- Original film poster
- Directed by: David Schmoeller
- Written by: David Schmoeller
- Produced by: Bruce Cohn Curtis; Irwin Yablans;
- Starring: Morgan Fairchild; Michael Sarrazin; Vince Edwards; Andrew Stevens; Colleen Camp; Kevin Brophy;
- Cinematography: Mac Ahlberg
- Edited by: Anthony DiMarco
- Music by: Lalo Schifrin
- Distributed by: Embassy Pictures
- Release dates: January 16, 1982 (Atlantic City, New Jersey); January 22, 1982 (U.S.);
- Running time: 104 minutes
- Country: United States
- Language: English
- Budget: $2 million
- Box office: $4.7 million—$11.4 million

= The Seduction (film) =

1982 film by David Schmoeller

The Seduction is a 1982 American thriller film written and directed by David Schmoeller, and starring Morgan Fairchild, Michael Sarrazin, Vince Edwards, and Andrew Stevens. Its plot follows Los Angeles news anchor Jamie Douglas who is aggressively pursued by obsessive male stalker Derek Sanford. The original music score was composed by Lalo Schifrin. Reviews for the film have mainly been negative which resulted in three Golden Raspberry Award nominations, including two for Fairchild.

==Plot==
Jamie Douglas is a beautiful, successful news writer and anchor in Los Angeles, in a stable relationship with her long-term boyfriend, Brandon. Jamie begins receiving anonymous phone calls and flowers from a man named Derek Sanford, a psychotic photographer who is obsessed with her. Initially, Jamie dismisses them as harmless flattery from an "admirer," until Derek retrieves her phone number and begins calling her house in the Hollywood Hills, as well as that of her neighbor, a fashion model named Robin Dunlap. Derek manages to access Jamie's dressing room at the office she works at, and gives her a box of candy, apologizing to her for his pestering calls. Jamie is sympathetic toward him, and thanks him for the gift.

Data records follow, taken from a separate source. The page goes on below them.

(* Let $(I,=_I,\neq_I;K)$ be a completely separated set and $\boldsymbol S=(\lambda_0,\lambda_1;\phi_0,\phi_1)$ a family of completely separated sets over it, with $\phi_0(i)=F_i$. Let $\bigotimes_{i\in I}F_i:=\{f_i\circ\mathrm{pr}_i\mid i\in I,\ f_i\in F_i\}$, where $\mathrm{pr}_i(\Theta):=\Theta_i$. Then $$\Big(\prod_{i\in I}\lambda_0(i),\ =_{\prod},\ \neq_{\prod};\ \bigotimes_{i\in I}F_i\Big)$$ is a completely separated set; in particular $\Theta\neq_{\prod}\Theta'\Leftrightarrow\Theta\neq_{(\prod_{i\in I}\lambda_0(i),\bigotimes_{i\in I}F_i)}\Theta'$.
   Context: Setting: constructive (Bishop-style) mathematics with intuitionistic logic. Sets carry an equality; functions respect equalities; $\mathbb F(X)$ = functions $X\to\mathbb R$ with pointwise equality; an extensional subset of $\mathbb F(X)$ is $\{f\mid P(f)\}$ with $P$ respecting $=_{\mathbb F(X)}$. $a\neq_{\mathbb R}b:\Leftrightarrow|a-b|>0$. An inequality $\neq_X$ satisfies $x=_Xy\ \&\ x\neq_Xy\Rightarrow\bot$. Strongly extensional: $f(x)\neq f(y)\Rightarrow x\neq y$. Induced relations: $x=_{(X,F)}x':\Leftrightarrow\forall_{f\in F}f(x)=f(x')$, $x\neq_{(X,F)}x':\Leftrightarrow\exists_{f\in F}f(x)\neq_{\mathbb R}f(x')$. A completely separated set $(X,=_X,\neq_X;F)$: $F$ extensional subset of $\mathbb F(X)$, $\neq_X\Leftrightarrow\neq_{(X,F)}$ and $x=_{(X,F)}x'\Rightarrow x=_Xx'$. Family of sets with an inequality over $(I,=_I,\neq_I)$: $i\mapsto(\lambda_0(i),=_{\lambda_0(i)},\neq_{\lambda_0(i)})$ and strongly extensional $\lambda_{ij}:\lambda_0(i)\to\lambda_0(j)$ for $i=_Ij$, with $\lambda_{ii}=\mathrm{id}$ and $\lambda_{jk}\circ\lambda_{ij}=\lambda_{ik}$ whenever $i=_Ij=_Ik$. Family of completely separated sets over completely separated $(I,=_I,\neq_I;K)$: additionally extensional $F_i\subseteq\mathbb F(\lambda_0(i))$ and functions $\phi_{ij}:F_i\to F_j$ ($i=_Ij$) with (a) $\neq_{\lambda_0(i)}\Leftrightarrow\neq_{(\lambda_0(i),F_i)}$, (b) $x=_{(\lambda_0(i),F_i)}x'\Rightarrow x=_{\lambda_0(i)}x'$, (c) $\phi_{ij}(f)=f\circ\lambda_{ji}$ for $f\in F_i$, $i=_Ij$. Pi-set $\prod_{i\in I}\lambda_0(i)$: dependent assignments $\Theta$ with $\Theta_i\in\lambda_0(i)$ for every $i$ and $\Theta_j=_{\lambda_0(j)}\lambda_{ij}(\Theta_i)$ whenever $i=_Ij$; $\Theta=_{\prod}\Theta':\Leftrightarrow\forall_i\Theta_i=_{\lambda_0(i)}\Theta'_i$; $\Theta\neq_{\prod}\Theta':\Leftrightarrow\exists_i\Theta_i\neq_{\lambda_0(i)}\Theta'_i$. *)

theory Defs
  imports Main "HOL.Real"
begin

definition set_with_ineq :: "'a set \<Rightarrow> ('a \<Rightarrow> 'a \<Rightarrow> bool) \<Rightarrow> ('a \<Rightarrow> 'a \<Rightarrow> bool) \<Rightarrow> bool" where
  "set_with_ineq X eq neq \<longleftrightarrow>
     (\<forall>x\<in>X. eq x x) \<and>
     (\<forall>x\<in>X. \<forall>y\<in>X. eq x y \<longrightarrow> eq y x) \<and>
     (\<forall>x\<in>X. \<forall>y\<in>X. \<forall>z\<in>X. eq x y \<longrightarrow> eq y z \<longrightarrow> eq x z) \<and>
     (\<forall>x\<in>X. \<forall>y\<in>X. eq x y \<longrightarrow> neq x y \<longrightarrow> False)"

definition neq_real :: "real \<Rightarrow> real \<Rightarrow> bool" where
  "neq_real a b \<longleftrightarrow> \<bar>a - b\<bar> > 0"

definition real_fun_on :: "'a set \<Rightarrow> ('a \<Rightarrow> 'a \<Rightarrow> bool) \<Rightarrow> ('a \<Rightarrow> real) \<Rightarrow> bool" where
  "real_fun_on X eq f \<longleftrightarrow> (\<forall>x\<in>X. \<forall>y\<in>X. eq x y \<longrightarrow> f x = f y)"

definition extensional_subset :: "'a set \<Rightarrow> ('a \<Rightarrow> 'a \<Rightarrow> bool) \<Rightarrow> ('a \<Rightarrow> real) set \<Rightarrow> bool" where
  "extensional_subset X eq F \<longleftrightarrow>
     (\<forall>f\<in>F. real_fun_on X eq f) \<and>
     (\<forall>f\<in>F. \<forall>g. real_fun_on X eq g \<and> (\<forall>x\<in>X. g x = f x) \<longrightarrow> g \<in> F)"

definition induced_eq :: "('a \<Rightarrow> real) set \<Rightarrow> 'a \<Rightarrow> 'a \<Rightarrow> bool" where
  "induced_eq F x x' \<longleftrightarrow> (\<forall>f\<in>F. f x = f x')"

definition induced_neq :: "('a \<Rightarrow> real) set \<Rightarrow> 'a \<Rightarrow> 'a \<Rightarrow> bool" where
  "induced_neq F x x' \<longleftrightarrow> (\<exists>f\<in>F. neq_real (f x) (f x'))"

definition completely_separated ::
  "'a set \<Rightarrow> ('a \<Rightarrow> 'a \<Rightarrow> bool) \<Rightarrow> ('a \<Rightarrow> 'a \<Rightarrow> bool) \<Rightarrow> ('a \<Rightarrow> real) set \<Rightarrow> bool" where
  "completely_separated X eq neq F \<longleftrightarrow>
     set_with_ineq X eq neq \<and> extensional_subset X eq F \<and>
     (\<forall>x\<in>X. \<forall>x'\<in>X. neq x x' \<longleftrightarrow> induced_neq F x x') \<and>
     (\<forall>x\<in>X. \<forall>x'\<in>X. induced_eq F x x' \<longrightarrow> eq x x')"

definition family_with_ineq ::
  "'i set \<Rightarrow> ('i \<Rightarrow> 'i \<Rightarrow> bool) \<Rightarrow> ('i \<Rightarrow> 'a set) \<Rightarrow> ('i \<Rightarrow> 'a \<Rightarrow> 'a \<Rightarrow> bool)
    \<Rightarrow> ('i \<Rightarrow> 'a \<Rightarrow> 'a \<Rightarrow> bool) \<Rightarrow> ('i \<Rightarrow> 'i \<Rightarrow> 'a \<Rightarrow> 'a) \<Rightarrow> bool" where
  "family_with_ineq I eqI lam0 eqs neqs lam1 \<longleftrightarrow>
     (\<forall>i\<in>I. set_with_ineq (lam0 i) (eqs i) (neqs i)) \<and>
     (\<forall>i\<in>I. \<forall>j\<in>I. eqI i j \<longrightarrow>
        (\<forall>x\<in>lam0 i. lam1 i j x \<in> lam0 j) \<and>
        (\<forall>x\<in>lam0 i. \<forall>y\<in>lam0 i. eqs i x y \<longrightarrow> eqs j (lam1 i j x) (lam1 i j y)) \<and>
        (\<forall>x\<in>lam0 i. \<forall>y\<in>lam0 i. neqs j (lam1 i j x) (lam1 i j y) \<longrightarrow> neqs i x y)) \<and>
     (\<forall>i\<in>I. \<forall>x\<in>lam0 i. eqs i (lam1 i i x) x) \<and>
     (\<forall>i\<in>I. \<forall>j\<in>I. \<forall>k\<in>I. eqI i j \<longrightarrow> eqI j k \<longrightarrow>
        (\<forall>x\<in>lam0 i. eqs k (lam1 j k (lam1 i j x)) (lam1 i k x)))"

definition family_compl_sep ::
  "'i set \<Rightarrow> ('i \<Rightarrow> 'i \<Rightarrow> bool) \<Rightarrow> ('i \<Rightarrow> 'a set) \<Rightarrow> ('i \<Rightarrow> 'a \<Rightarrow> 'a \<Rightarrow> bool)
    \<Rightarrow> ('i \<Rightarrow> 'a \<Rightarrow> 'a \<Rightarrow> bool) \<Rightarrow> ('i \<Rightarrow> 'i \<Rightarrow> 'a \<Rightarrow> 'a)
    \<Rightarrow> ('i \<Rightarrow> ('a \<Rightarrow> real) set) \<Rightarrow> ('i \<Rightarrow> 'i \<Rightarrow> ('a \<Rightarrow> real) \<Rightarrow> ('a \<Rightarrow> real)) \<Rightarrow> bool" where
  "family_compl_sep I eqI lam0 eqs neqs lam1 F phi \<longleftrightarrow>
     family_with_ineq I eqI lam0 eqs neqs lam1 \<and>
     (\<forall>i\<in>I. extensional_subset (lam0 i) (eqs i) (F i)) \<and>
     (\<forall>i\<in>I. \<forall>j\<in>I. eqI i j \<longrightarrow> (\<forall>f\<in>F i. phi i j f \<in> F j)) \<and>
     (\<forall>i\<in>I. \<forall>x\<in>lam0 i. \<forall>x'\<in>lam0 i. neqs i x x' \<longleftrightarrow> induced_neq (F i) x x') \<and>
     (\<forall>i\<in>I. \<forall>x\<in>lam0 i. \<forall>x'\<in>lam0 i. induced_eq (F i) x x' \<longrightarrow> eqs i x x') \<and>
     (\<forall>i\<in>I. \<forall>j\<in>I. eqI i j \<longrightarrow>
        (\<forall>f\<in>F i. \<forall>y\<in>lam0 j. phi i j f y = f (lam1 j i y)))"

definition pi_set ::
  "'i set \<Rightarrow> ('i \<Rightarrow> 'i \<Rightarrow> bool) \<Rightarrow> ('i \<Rightarrow> 'a set) \<Rightarrow> ('i \<Rightarrow> 'a \<Rightarrow> 'a \<Rightarrow> bool)
    \<Rightarrow> ('i \<Rightarrow> 'i \<Rightarrow> 'a \<Rightarrow> 'a) \<Rightarrow> ('i \<Rightarrow> 'a) set" where
  "pi_set I eqI lam0 eqs lam1 =
     {\<Theta>. (\<forall>i\<in>I. \<Theta> i \<in> lam0 i) \<and>
          (\<forall>i\<in>I. \<forall>j\<in>I. eqI i j \<longrightarrow> eqs j (\<Theta> j) (lam1 i j (\<Theta> i)))}"

definition pi_eq :: "'i set \<Rightarrow> ('i \<Rightarrow> 'a \<Rightarrow> 'a \<Rightarrow> bool) \<Rightarrow> ('i \<Rightarrow> 'a) \<Rightarrow> ('i \<Rightarrow> 'a) \<Rightarrow> bool" where
  "pi_eq I eqs \<Theta> \<Theta>' \<longleftrightarrow> (\<forall>i\<in>I. eqs i (\<Theta> i) (\<Theta>' i))"

definition pi_neq :: "'i set \<Rightarrow> ('i \<Rightarrow> 'a \<Rightarrow> 'a \<Rightarrow> bool) \<Rightarrow> ('i \<Rightarrow> 'a) \<Rightarrow> ('i \<Rightarrow> 'a) \<Rightarrow> bool" where
  "pi_neq I neqs \<Theta> \<Theta>' \<longleftrightarrow> (\<exists>i\<in>I. neqs i (\<Theta> i) (\<Theta>' i))"

text \<open>The tensor of the F_i: functions on the Pi-set that equal f_i o pr_i
 (pointwise on the Pi-set) for some i in I and f_i in F_i.\<close>
definition tensor_funs ::
  "'i set \<Rightarrow> ('i \<Rightarrow> 'i \<Rightarrow> bool) \<Rightarrow> ('i \<Rightarrow> 'a set) \<Rightarrow> ('i \<Rightarrow> 'a \<Rightarrow> 'a \<Rightarrow> bool)
    \<Rightarrow> ('i \<Rightarrow> 'i \<Rightarrow> 'a \<Rightarrow> 'a) \<Rightarrow> ('i \<Rightarrow> ('a \<Rightarrow> real) set) \<Rightarrow> (('i \<Rightarrow> 'a) \<Rightarrow> real) set" where
  "tensor_funs I eqI lam0 eqs lam1 F =
     {g. \<exists>i\<in>I. \<exists>f\<in>F i. \<forall>\<Theta>\<in>pi_set I eqI lam0 eqs lam1. g \<Theta> = f (\<Theta> i)}"

end

theory Submission
  imports Defs
begin

text \<open>Everything is checked coordinatewise: an element of the tensor is a coordinate
  function \<open>f \<circ> pr\<^sub>i\<close>, so two dependent assignments are separated (identified) by the
  tensor exactly when some (every) coordinate is separated (identified) by the \<open>F\<^sub>i\<close>.
  Neither the transport maps nor the complete separation of the index set is needed.\<close>

lemma pi_set_memD:
  "\<Theta> \<in> pi_set I eqI lam0 eqs lam1 \<Longrightarrow> i \<in> I \<Longrightarrow> \<Theta> i \<in> lam0 i"
  by (simp add: pi_set_def)

lemma tensor_funsI:
  "i \<in> I \<Longrightarrow> f \<in> F i \<Longrightarrow> (\<lambda>\<Theta>. f (\<Theta> i)) \<in> tensor_funs I eqI lam0 eqs lam1 F"
  unfolding tensor_funs_def by blast

lemma tensor_funsE:
  assumes "g \<in> tensor_funs I eqI lam0 eqs lam1 F"
  obtains i f where "i \<in> I" "f \<in> F i" "\<And>\<Theta>. \<Theta> \<in> pi_set I eqI lam0 eqs lam1 \<Longrightarrow> g \<Theta> = f (\<Theta> i)"
  using assms unfolding tensor_funs_def by blast

lemma set_with_ineq_pi_set:
  assumes "\<And>i. i \<in> I \<Longrightarrow> set_with_ineq (lam0 i) (eqs i) (neqs i)"
  shows "set_with_ineq (pi_set I eqI lam0 eqs lam1) (pi_eq I eqs) (pi_neq I neqs)"
proof -
  let ?P = "pi_set I eqI lam0 eqs lam1"
  have refl: "eqs i (\<Theta> i) (\<Theta> i)" if "\<Theta> \<in> ?P" "i \<in> I" for \<Theta> i
    using assms[OF that(2)] pi_set_memD[OF that] unfolding set_with_ineq_def by blast
  have sym: "eqs i (\<Theta>' i) (\<Theta> i)"
    if "\<Theta> \<in> ?P" "\<Theta>' \<in> ?P" "i \<in> I" "eqs i (\<Theta> i) (\<Theta>' i)" for \<Theta> \<Theta>' i
    using assms[OF that(3)] pi_set_memD[OF that(1,3)] pi_set_memD[OF that(2,3)] that(4)
    unfolding set_with_ineq_def by blast
  have trans: "eqs i (\<Theta> i) (\<Theta>'' i)"
    if "\<Theta> \<in> ?P" "\<Theta>' \<in> ?P" "\<Theta>'' \<in> ?P" "i \<in> I"
      "eqs i (\<Theta> i) (\<Theta>' i)" "eqs i (\<Theta>' i) (\<Theta>'' i)" for \<Theta> \<Theta>' \<Theta>'' i
    using assms[OF that(4)] pi_set_memD[OF that(1,4)] pi_set_memD[OF that(2,4)]
      pi_set_memD[OF that(3,4)] that(5,6)
    unfolding set_with_ineq_def by blast
  have apart: False
    if "\<Theta> \<in> ?P" "\<Theta>' \<in> ?P" "i \<in> I" "eqs i (\<Theta> i) (\<Theta>' i)" "neqs i (\<Theta> i) (\<Theta>' i)"
    for \<Theta> \<Theta>' i
    using assms[OF that(3)] pi_set_memD[OF that(1,3)] pi_set_memD[OF that(2,3)] that(4,5)
    unfolding set_with_ineq_def by blast
  show ?thesis
    unfolding set_with_ineq_def pi_eq_def pi_neq_def
    using refl sym trans apart by blast
qed

lemma extensional_subset_tensor_funs:
  assumes "\<And>i. i \<in> I \<Longrightarrow> extensional_subset (lam0 i) (eqs i) (F i)"
  shows "extensional_subset (pi_set I eqI lam0 eqs lam1) (pi_eq I eqs)
           (tensor_funs I eqI lam0 eqs lam1 F)"
  unfolding extensional_subset_def
proof (intro conjI ballI allI impI)
  fix g assume "g \<in> tensor_funs I eqI lam0 eqs lam1 F"
  then obtain i f where i: "i \<in> I" and f: "f \<in> F i"
    and g: "\<And>\<Theta>. \<Theta> \<in> pi_set I eqI lam0 eqs lam1 \<Longrightarrow> g \<Theta> = f (\<Theta> i)"
    by (rule tensor_funsE) blast
  have "real_fun_on (lam0 i) (eqs i) f"
    using assms[OF i] f unfolding extensional_subset_def by blast
  then show "real_fun_on (pi_set I eqI lam0 eqs lam1) (pi_eq I eqs) g"
    using i g pi_set_memD unfolding real_fun_on_def pi_eq_def by metis
next
  fix f g
  assume "f \<in> tensor_funs I eqI lam0 eqs lam1 F"
    and "real_fun_on (pi_set I eqI lam0 eqs lam1) (pi_eq I eqs) g \<and>
         (\<forall>\<Theta>\<in>pi_set I eqI lam0 eqs lam1. g \<Theta> = f \<Theta>)"
  then show "g \<in> tensor_funs I eqI lam0 eqs lam1 F"
    unfolding tensor_funs_def by auto
qed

Despite her accepting his apology for the phone calls, Derek continues to obsessively stalk Jamie, who is unaware that his home is adjacent to her property. One afternoon he accosts her in her living room, maniacally photographing her as she fends him off. Brandon arrives and stops the attack, beating Derek significantly. Bloodied, Derek thanks Jamie, and leaves. Jamie visits Maxwell, a police officer friend, seeking advice. Maxwell explains that Jamie has few options, as Derek has technically not committed any crimes. Meanwhile, Derek follows Robin to one of her modeling jobs. He introduces himself as a friend of Jamie's, but Robin realizes he is the man who has been calling her and Jamie's homes. Derek pleads for Robin to convince Jamie to go on a date with him, but Robin forces him out.

Later, Derek confronts Jamie and Robin at the mall, where Jamie sternly tells him she despises him, and to leave her alone. Brandon consults with psychologist Dr. Weston about Jamie's situation, and Dr. Weston advises him that Derek likely suffers from erotomania, a delusional disorder in which he believes his affections for Jamie, a stranger, are reciprocated. One night, Derek breaks into Jamie's house and watches her from her bedroom closet, fondling himself while she takes a bath. After realizing Derek is in the house, she retrieves Brandon, but Derek flees through a window and escapes. Later, one of Derek's coworkers at the photo studio, Julie, attempts to ask him on a date. He politely declines, telling her he is engaged to be married.

As part of a news story, Jamie attends a funeral for a female victim of an unknown serial killer, dubbed the "Sweetheart Killer." While reviewing the footage, Jamie notices Derek standing behind her in the cemetery. Derek breaches the news station posing as a newsrunner, and brings a "last-minute addition" for Jamie's broadcast. During the live taping, a message from Derek runs on Jamie's teleprompter. Distraught, Jamie pleads on air for help, telling her viewers that she has a stalker who is going to kill her. That night, Brandon comforts Jamie, and the two relax in her hot tub. The two begin to have sex, but Derek emerges from the shadows and stabs Brandon to death. Jamie flees into the house to phone police, but is put on hold. Meanwhile, Derek buries Brandon's body in his yard.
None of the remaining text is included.